Statistical analysis

The clinicopathological features were compared by Pearson chi square test. The overall survival (OS) and breast cancer specific survival (CSS) were defined as the time interval from diagnosis to death for any cause or breast cancer. We used stratified log-rank for the primary statistical test and interaction tests for subgroups analysis. Stratification factors included diagnostic age, race, marital status, tumour grade, primary site, molecular subtype, stage, surgical procedure and chemotherapy (Table 1). Kaplan–Meier analysis was performed to compare survival between subgroups. Cox regression model was established to evaluate the independent association with OS and CSS, and the hazard ratio (HR) and its 95% confidence interval (CI) were estimated. The interaction test used for the subgroups was an interaction term added to the Cox regressions. Given the differences between patients receiving preoperative RT and postoperative RT, propensity score matching (PSM) was used to balance measurable confounding factors[15]. We used optimal method with caliper and tolerated maximal distance was 0.05. Patients were matched according to their estimated propensity and replaced with a 1:1 match. Statistical analysis was performed using SPSS 23.0 (Chicago, IL, USA), STATA 17.0 (https://www.stata.com/) and the R programming language (version 4.0.3; https://www.r-project.org/) in RStudio (version 1.3.1093; https://www.rstudio.com/). Two-sided P values < 0.05 were considered statistically significant. In addition, GraphPad Prism9 software was used to draw Kaplan–Meier curves.

Table 1

Baseline characteristics of the preoperative and postoperative RT cohorts.
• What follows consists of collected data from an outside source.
lemma secant_param_positive:
  assumes u: "\<forall>i<4*n+2. u i \<in> complex_of_real ` {0<..}"
  shows "\<exists>p\<in>rbm_model n. \<exists>L>0. secant_param n u = (\<lambda>v. of_real L * p v)"
proof -
  define r where "r i = Re (u i)" for i
  have ur: "u i = of_real (r i)" and rpos: "r i > 0" if "i < 4*n+2" for i
    using u that unfolding r_def by auto
  have unz: "u i \<noteq> 0" if "i < 4*n+2" for i
    using ur[OF that] rpos[OF that] by simp
  define \<beta> where "\<beta> i = r (n+i) / r i" for i
  define \<omega> where "\<omega> i = (r (3*n+i) / r (2*n+i)) / \<beta> i" for i
  define A where "A = r (4*n) * (\<Prod>i<n. r i)"
  define \<gamma> where "\<gamma> = r (4*n+1) * (\<Prod>i<n. r (2*n+i)) / A"
  have pos: "\<beta> i > 0 \<and> \<omega> i > 0" if "i < n" for i
    using rpos[of i] rpos[of "n+i"] rpos[of "2*n+i"] rpos[of "3*n+i"] that
    unfolding \<beta>_def \<omega>_def by auto
  have \<beta>_nonzero: "\<beta> i \<noteq> 0" if "i < n" for i
    using pos[OF that] by simp
  have "(\<Prod>i<n. r i) > 0" "(\<Prod>i<n. r (2*n+i)) > 0"
    using rpos by (auto intro!: prod_pos)
  then have "A > 0" "\<gamma> > 0"
    using rpos[of "4*n"] rpos[of "4*n+1"] unfolding A_def \<gamma>_def by auto
  define Z where "Z = (\<Sum>w\<in>cube n. rbm_weight n \<beta> \<omega> \<gamma> w)"
  have "Z > 0"
    unfolding Z_def using pos \<open>\<gamma> > 0\<close> by (rule rbm_partition_pos)
  define p where "p = (\<lambda>v. if v \<in> cube n then complex_of_real (rbm_weight n \<beta> \<omega> \<gamma> v / Z) else 0)"
  have "p \<in> rbm_model n"
    unfolding mem_rbm_model p_def Z_def using pos \<open>\<gamma> > 0\<close> by blast
  have first: "segre_point n u (\<lambda>i. u (n+i)) v
      = of_real (\<Prod>i<n. r i) * segre_point n (\<lambda>_. 1) (\<lambda>i. of_real (\<beta> i)) v" for v
  proof -
    have "segre_point n u (\<lambda>i. u (n+i)) v = (\<Prod>i<n. u i) * segre_point n (\<lambda>_. 1) (\<lambda>i. u (n+i) / u i) v"
      using unz by (intro segre_point_rescale) simp
    also have "\<dots> = of_real (\<Prod>i<n. r i) * segre_point n (\<lambda>_. 1) (\<lambda>i. of_real (\<beta> i)) v"
      using ur unfolding \<beta>_def of_real_prod
      by (auto intro!: arg_cong2[where f = "(*)"] prod.cong fun_cong[OF segre_point_cong])
    finally show ?thesis .
  qed
  have second: "segre_point n (\<lambda>i. u (2*n+i)) (\<lambda>i. u (3*n+i)) v
      = of_real (\<Prod>i<n. r (2*n+i)) * segre_point n (\<lambda>_. 1) (\<lambda>i. of_real (\<beta> i * \<omega> i)) v" for v
  proof -
    have "segre_point n (\<lambda>i. u (2*n+i)) (\<lambda>i. u (3*n+i)) v
        = (\<Prod>i<n. u (2*n+i)) * segre_point n (\<lambda>_. 1) (\<lambda>i. u (3*n+i) / u (2*n+i)) v"
      using unz by (intro segre_point_rescale) simp
    also have "\<dots> = of_real (\<Prod>i<n. r (2*n+i)) * segre_point n (\<lambda>_. 1) (\<lambda>i. of_real (\<beta> i * \<omega> i)) v"
      using ur \<beta>_nonzero unfolding \<omega>_def of_real_prod
      by (auto intro!: arg_cong2[where f = "(*)"] prod.cong fun_cong[OF segre_point_cong])
    finally show ?thesis .
  qed
  have coefficients: "u (4*n) = of_real (r (4*n))" "u (4*n+1) = of_real (r (4*n+1))"
    using ur by auto
  have A: "of_real (r (4*n)) * of_real (\<Prod>i<n. r i) = complex_of_real A"
    unfolding A_def by (simp only: of_real_mult)
  have A\<gamma>: "of_real (r (4*n+1)) * of_real (\<Prod>i<n. r (2*n+i)) = complex_of_real A * of_real \<gamma>"
    using \<open>A > 0\<close> unfolding \<gamma>_def of_real_mult[symmetric] by (simp del: of_real_mult of_real_prod)
  have combination: "secant_param n u v = of_real A * (segre_point n (\<lambda>_. 1) (\<lambda>i. of_real (\<beta> i)) v
      + of_real \<gamma> * segre_point n (\<lambda>_. 1) (\<lambda>i. of_real (\<beta> i * \<omega> i)) v)" for v
    unfolding secant_param_def first second coefficients mult.assoc[symmetric] A A\<gamma>
    by (simp only: mult.assoc distrib_left)
  have "secant_param n u v = of_real (A * Z) * p v" for v
  proof (cases "v \<in> cube n")
    case True
    then show ?thesis
      using \<open>Z > 0\<close> unfolding combination p_def rbm_weight_eq_segre_combination[OF True, symmetric]
      by simp
  qed (simp add: secant_param_def segre_point_def p_def)
  then show ?thesis
    using \<open>p \<in> rbm_model n\<close> \<open>A > 0\<close> \<open>Z > 0\<close> by (intro bexI[of _ p] exI[of _ "A * Z"]) auto
qed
Characteristics	Radiotherapy				P
	Before surgery		After surgery
	NO	%	NO	%
Age					< 0.001
≤ 65	1224	71.5	270,272	66.0
> 65	488	28.5	139,295	34.0
Sex					0.105
Female	1702	99.4	408,128	99.6
Male	10	0.6	1439	0.4
Race					< 0.001
White	1350	78.9	337,328	82.4
Black	250	14.6	39,071	9.5
Other/unknown	112	6.5	33,168	8.1
Marital status					< 0.001
Married	924	54.0	243,441	59.4
Unmarried	699	40.8	152,315	37.2
Unknown	89	5.2	13,811	3.4
Histology					0.522
Ductal	1288	75.2	307,460	75.1
Lobular	130	7.6	33,960	8.3
Other	294	17.2	68,147	16.6
Grade					< 0.001
I	241	14.1	94,813	23.1
II	592	34.6	169,496	41.4
III	699	40.8	122,998	30.0
IV	27	1.6	3496	0.9
Unknown	153	8.9	18,764	4.6
Primary site					< 0.001
Central	102	6.0	19,119	4.7
Inner	237	13.8	74,852	18.3
Other/unknown	1373	80.2	315,596	77.1
Laterality					0.130
Left	834	48.7	207,036	50.5
Right	878	51.3	202,531	49.5
Stage					< 0.001
I	569	33.2	222,406	54.3
II	578	33.8	132,153	32.3
III	565	33.0	55,008	13.4
Selected patients were divided into two					< 0.001
Luminal A	273	15.9	118,079	28.8
Luminal B	66	3.9	14,194	3.5
HER-2 enriched	41	2.4	5411	1.3
Triple negative	103	6.0	15,849	3.9
Unknown	1229	71.8	256,034	62.5
Surgery					< 0.001
BCS	873	51.0	331,695	81.0
Mastectomy	839	49.0	77,872	19.0
Chemotherapy					< 0.001
Yes	1130	66.0	183,412	44.8
No/unknown	582	34.0	226,155	55.2

The authors declare that all methods were performed in accordance with the relevant guidelines and regulations. Ethical approval was not required because this study does not involve animal or human trials. All data supporting the findings of this study are available within the paper and its supplementary information files.

Results

Patient characteristics

We identified 411,279 patients with malignant breast cancer from 18 registries dating from 1988 to 2016 (Supplementary Fig. 1). In this cohort, 1,712 patients were divided into the preoperative RT group, and 409,567 patients were divided into the postoperative RT group. The preoperative and postoperative RT cohorts had different distributions of potentially confounding factors (Table 1).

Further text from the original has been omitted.